--- ASSIGNMENT ---
Starting with the line containing "using rotation_no_gain val_z" and going on through the line containing "Ld-lipschitz_on S h' \<and>", return the lines of the data below exactly, and only those.

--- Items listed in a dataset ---
(* Let $X$ be a finite multiset of nonzero real numbers and let $T_{\min}$ be an addition tree over $X$ of minimum cost. Let $z$ be an internal node of $T_{\min}$ that is not the root, with children $z_1$ and $z_2$, sibling $u$, and parent $r$ (identifying each node with its value). (1) If $z>0$, $z_1\ge 0$ and $z_2>0$, then $u\ge 0$ or $r<0$. (2) If $z<0$, $z_1\le 0$ and $z_2<0$, then $u\le 0$ or $r>0$.
   Context: An addition tree over a multiset $X=\{x_1,\dots,x_n\}$ is a full binary tree with $n$ leaves labeled by the elements of $X$ (each element used exactly once), where every internal node has as its value the sum of the values of its two children. If $I_1,\dots,I_{n-1}$ are the values of the internal nodes of $T$, the cost of $T$ is $C(T)=\sum_{i=1}^{n-1}|I_i|$. $T_{\min}$ denotes an addition tree over $X$ minimizing $C$. *)

theory Defs
  imports Complex_Main "HOL-Library.Multiset"
begin

datatype atree = Leaf real | Node atree atree

fun val :: "atree \<Rightarrow> real" where
  "val (Leaf x) = x"
| "val (Node l r) = val l + val r"

fun leaves :: "atree \<Rightarrow> real multiset" where
  "leaves (Leaf x) = {#x#}"
| "leaves (Node l r) = leaves l + leaves r"

fun cost :: "atree \<Rightarrow> real" where
  "cost (Leaf x) = 0"
| "cost (Node l r) = \<bar>val l + val r\<bar> + cost l + cost r"

fun subtrees :: "atree \<Rightarrow> atree set" where
  "subtrees (Leaf x) = {Leaf x}"
| "subtrees (Node l r) = insert (Node l r) (subtrees l \<union> subtrees r)"

definition addition_tree :: "real multiset \<Rightarrow> atree \<Rightarrow> bool" where
  "addition_tree X T \<longleftrightarrow> leaves T = X"

definition min_addition_tree :: "real multiset \<Rightarrow> atree \<Rightarrow> bool" where
  "min_addition_tree X T \<longleftrightarrow> addition_tree X T \<and>
     (\<forall>T'. addition_tree X T' \<longrightarrow> cost T \<le> cost T')"

end

theory Submission
  imports Defs
begin

text \<open>If \<open>u\<close> had the opposite sign to \<open>z\<close> without reversing the sign of the parent
  \<open>r = z\<^sub>1 + z\<^sub>2 + u\<close>, rotating the parent into \<open>(z\<^sub>2 + u) + z\<^sub>1\<close> would keep the leaves and every
  other internal node but replace \<open>|z\<^sub>1 + z\<^sub>2|\<close> by the strictly smaller \<open>|z\<^sub>2 + u|\<close>.
  Since the cost of a tree is additive over subtrees, this contradicts minimality.\<close>

lemma val_eq_sum_mset_leaves: "val T = sum_mset (leaves T)"
  by (induction T) simp_all

lemma cheaper_subtree_gives_cheaper_tree:
  assumes "S \<in> subtrees T" "leaves S' = leaves S" "cost S' < cost S"
  shows "\<exists>T'. leaves T' = leaves T \<and> cost T' < cost T"
  using assms(1)
proof (induction T)
  case (Leaf x)
  then show ?case using assms(2,3) by auto
next
  case (Node l r)
  consider "S = Node l r" | "S \<in> subtrees l" | "S \<in> subtrees r"
    using Node.prems by auto
  then show ?case
  proof cases
    case 1
    then show ?thesis using assms(2,3) by blast
  next
    case 2
    then obtain l' where "leaves l' = leaves l" "cost l' < cost l"
      using Node.IH(1) by blast
    then show ?thesis
      by (intro exI[of _ "Node l' r"]) (simp add: val_eq_sum_mset_leaves)
  next
    case 3
    then obtain r' where "leaves r' = leaves r" "cost r' < cost r"
      using Node.IH(2) by blast
    then show ?thesis
      by (intro exI[of _ "Node l r'"]) (simp add: val_eq_sum_mset_leaves)
  qed
qed

lemma min_addition_tree_subtree_cost_le:
  assumes "min_addition_tree X T" "S \<in> subtrees T" "leaves S' = leaves S"
  shows "cost S \<le> cost S'"
proof (rule ccontr)
  assume "\<not> cost S \<le> cost S'"
  then obtain T' where "leaves T' = leaves T" "cost T' < cost T"
    using cheaper_subtree_gives_cheaper_tree[OF assms(2,3)] by auto
  then show False
    using assms(1) unfolding min_addition_tree_def addition_tree_def by force
qed

lemma abs_rotated_sum_less:
  fixes a b c :: real
  assumes "0 \<le> a" "0 < b" "c < 0" "0 \<le> a + b + c"
  shows "\<bar>b + c\<bar> < \<bar>a + b\<bar>"
  using assms by linarith

theorem lemma2p1:
  fixes X :: "real multiset" and T z z1 z2 u :: atree
  assumes nonzero: "\<forall>x\<in>#X. x \<noteq> 0"
    and min: "min_addition_tree X T"
    and children: "z = Node z1 z2 \<or> z = Node z2 z1"
    and parent: "Node z u \<in> subtrees T \<or> Node u z \<in> subtrees T"
  shows "(val z > 0 \<and> val z1 \<ge> 0 \<and> val z2 > 0 \<longrightarrow>
            val u \<ge> 0 \<or> val z + val u < 0)
       \<and> (val z < 0 \<and> val z1 \<le> 0 \<and> val z2 < 0 \<longrightarrow>
            val u \<le> 0 \<or> val z + val u > 0)"
proof -
  obtain S where S: "S \<in> subtrees T" "S = Node z u \<or> S = Node u z"
    using parent by blast
  have "leaves (Node (Node z2 u) z1) = leaves S"
    using S(2) children by auto
  then have "cost S \<le> cost (Node (Node z2 u) z1)"
    using min_addition_tree_subtree_cost_le[OF min S(1)] by blast
  then have rotation_no_gain: "\<bar>val z1 + val z2\<bar> \<le> \<bar>val z2 + val u\<bar>"
    using S(2) children by (auto simp: algebra_simps)
  have val_z: "val z = val z1 + val z2"
    using children by auto
  show ?thesis
    using rotation_no_gain val_z
      abs_rotated_sum_less[of "val z1" "val z2" "val u"]
      abs_rotated_sum_less[of "- val z1" "- val z2" "- val u"]
    by auto
qed

end
(* In the setting described in the context, for every $t\in\{0,1,\dots,T\}$ the value function $V^{(t)}_\theta(s)$, viewed as a function of $(\theta,s)$, is Lipschitz with constant $L_V^{(t)}\le 3T^2L_{R_\theta}\bar L_{f_\theta}^{T-t-1}$.
   Context: Transitions $s_{t+1}=f(s_t,a_t)+\zeta_t$ with $\zeta_t\sim p(\zeta)$ i.i.d.; deterministic policy $\pi_\theta$, $\theta\in\Theta\subseteq\mathbb{R}^{d_\Theta}$; $f_\theta(s)=f(s,\pi_\theta(s))$ and $R_\theta(s)=R(s,\pi_\theta(s))$, viewed as functions of $(\theta,s)$. Value functions: $V^{(T)}_\theta\equiv 0$ and $V^{(t)}_\theta(s)=R_\theta(s)+\mathbb{E}_{p(\zeta)}[V^{(t+1)}_\theta(f_\theta(s)+\zeta)]$ for $t=0,\dots,T-1$. $L_h$ denotes a Lipschitz constant (Euclidean norm) of $h$ jointly in $(\theta,s)$, and $\bar L_h=\max\{L_{\nabla h},L_h,1\}$. Standing assumption: $f_\theta,R_\theta$ are Lipschitz and twice continuously differentiable with Lipschitz first derivative. *)

theory Defs
  imports "HOL-Analysis.Analysis" "HOL-Probability.Probability"
begin

definition C2_lip_deriv ::
  "('x::euclidean_space \<Rightarrow> 'y::euclidean_space) \<Rightarrow> 'x set \<Rightarrow> real \<Rightarrow> bool" where
  "C2_lip_deriv h S Ld \<longleftrightarrow>
     (\<exists>h' :: 'x \<Rightarrow> ('x \<Rightarrow>\<^sub>L 'y).
        (\<forall>x\<in>S. (h has_derivative blinfun_apply (h' x)) (at x within S)) \<and>
        Ld-lipschitz_on S h' \<and>
        (\<exists>h'' :: 'x \<Rightarrow> ('x \<Rightarrow>\<^sub>L ('x \<Rightarrow>\<^sub>L 'y)).
           (\<forall>x\<in>S. (h' has_derivative blinfun_apply (h'' x)) (at x within S)) \<and>
           continuous_on S h''))"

--- FINISHED EXERCISE ---
    using rotation_no_gain val_z
      abs_rotated_sum_less[of "val z1" "val z2" "val u"]
      abs_rotated_sum_less[of "- val z1" "- val z2" "- val u"]
    by auto
qed

end
(* In the setting described in the context, for every $t\in\{0,1,\dots,T\}$ the value function $V^{(t)}_\theta(s)$, viewed as a function of $(\theta,s)$, is Lipschitz with constant $L_V^{(t)}\le 3T^2L_{R_\theta}\bar L_{f_\theta}^{T-t-1}$.
   Context: Transitions $s_{t+1}=f(s_t,a_t)+\zeta_t$ with $\zeta_t\sim p(\zeta)$ i.i.d.; deterministic policy $\pi_\theta$, $\theta\in\Theta\subseteq\mathbb{R}^{d_\Theta}$; $f_\theta(s)=f(s,\pi_\theta(s))$ and $R_\theta(s)=R(s,\pi_\theta(s))$, viewed as functions of $(\theta,s)$. Value functions: $V^{(T)}_\theta\equiv 0$ and $V^{(t)}_\theta(s)=R_\theta(s)+\mathbb{E}_{p(\zeta)}[V^{(t+1)}_\theta(f_\theta(s)+\zeta)]$ for $t=0,\dots,T-1$. $L_h$ denotes a Lipschitz constant (Euclidean norm) of $h$ jointly in $(\theta,s)$, and $\bar L_h=\max\{L_{\nabla h},L_h,1\}$. Standing assumption: $f_\theta,R_\theta$ are Lipschitz and twice continuously differentiable with Lipschitz first derivative. *)

theory Defs
  imports "HOL-Analysis.Analysis" "HOL-Probability.Probability"
begin

definition C2_lip_deriv ::
  "('x::euclidean_space \<Rightarrow> 'y::euclidean_space) \<Rightarrow> 'x set \<Rightarrow> real \<Rightarrow> bool" where
  "C2_lip_deriv h S Ld \<longleftrightarrow>
     (\<exists>h' :: 'x \<Rightarrow> ('x \<Rightarrow>\<^sub>L 'y).
        (\<forall>x\<in>S. (h has_derivative blinfun_apply (h' x)) (at x within S)) \<and>
        Ld-lipschitz_on S h' \<and>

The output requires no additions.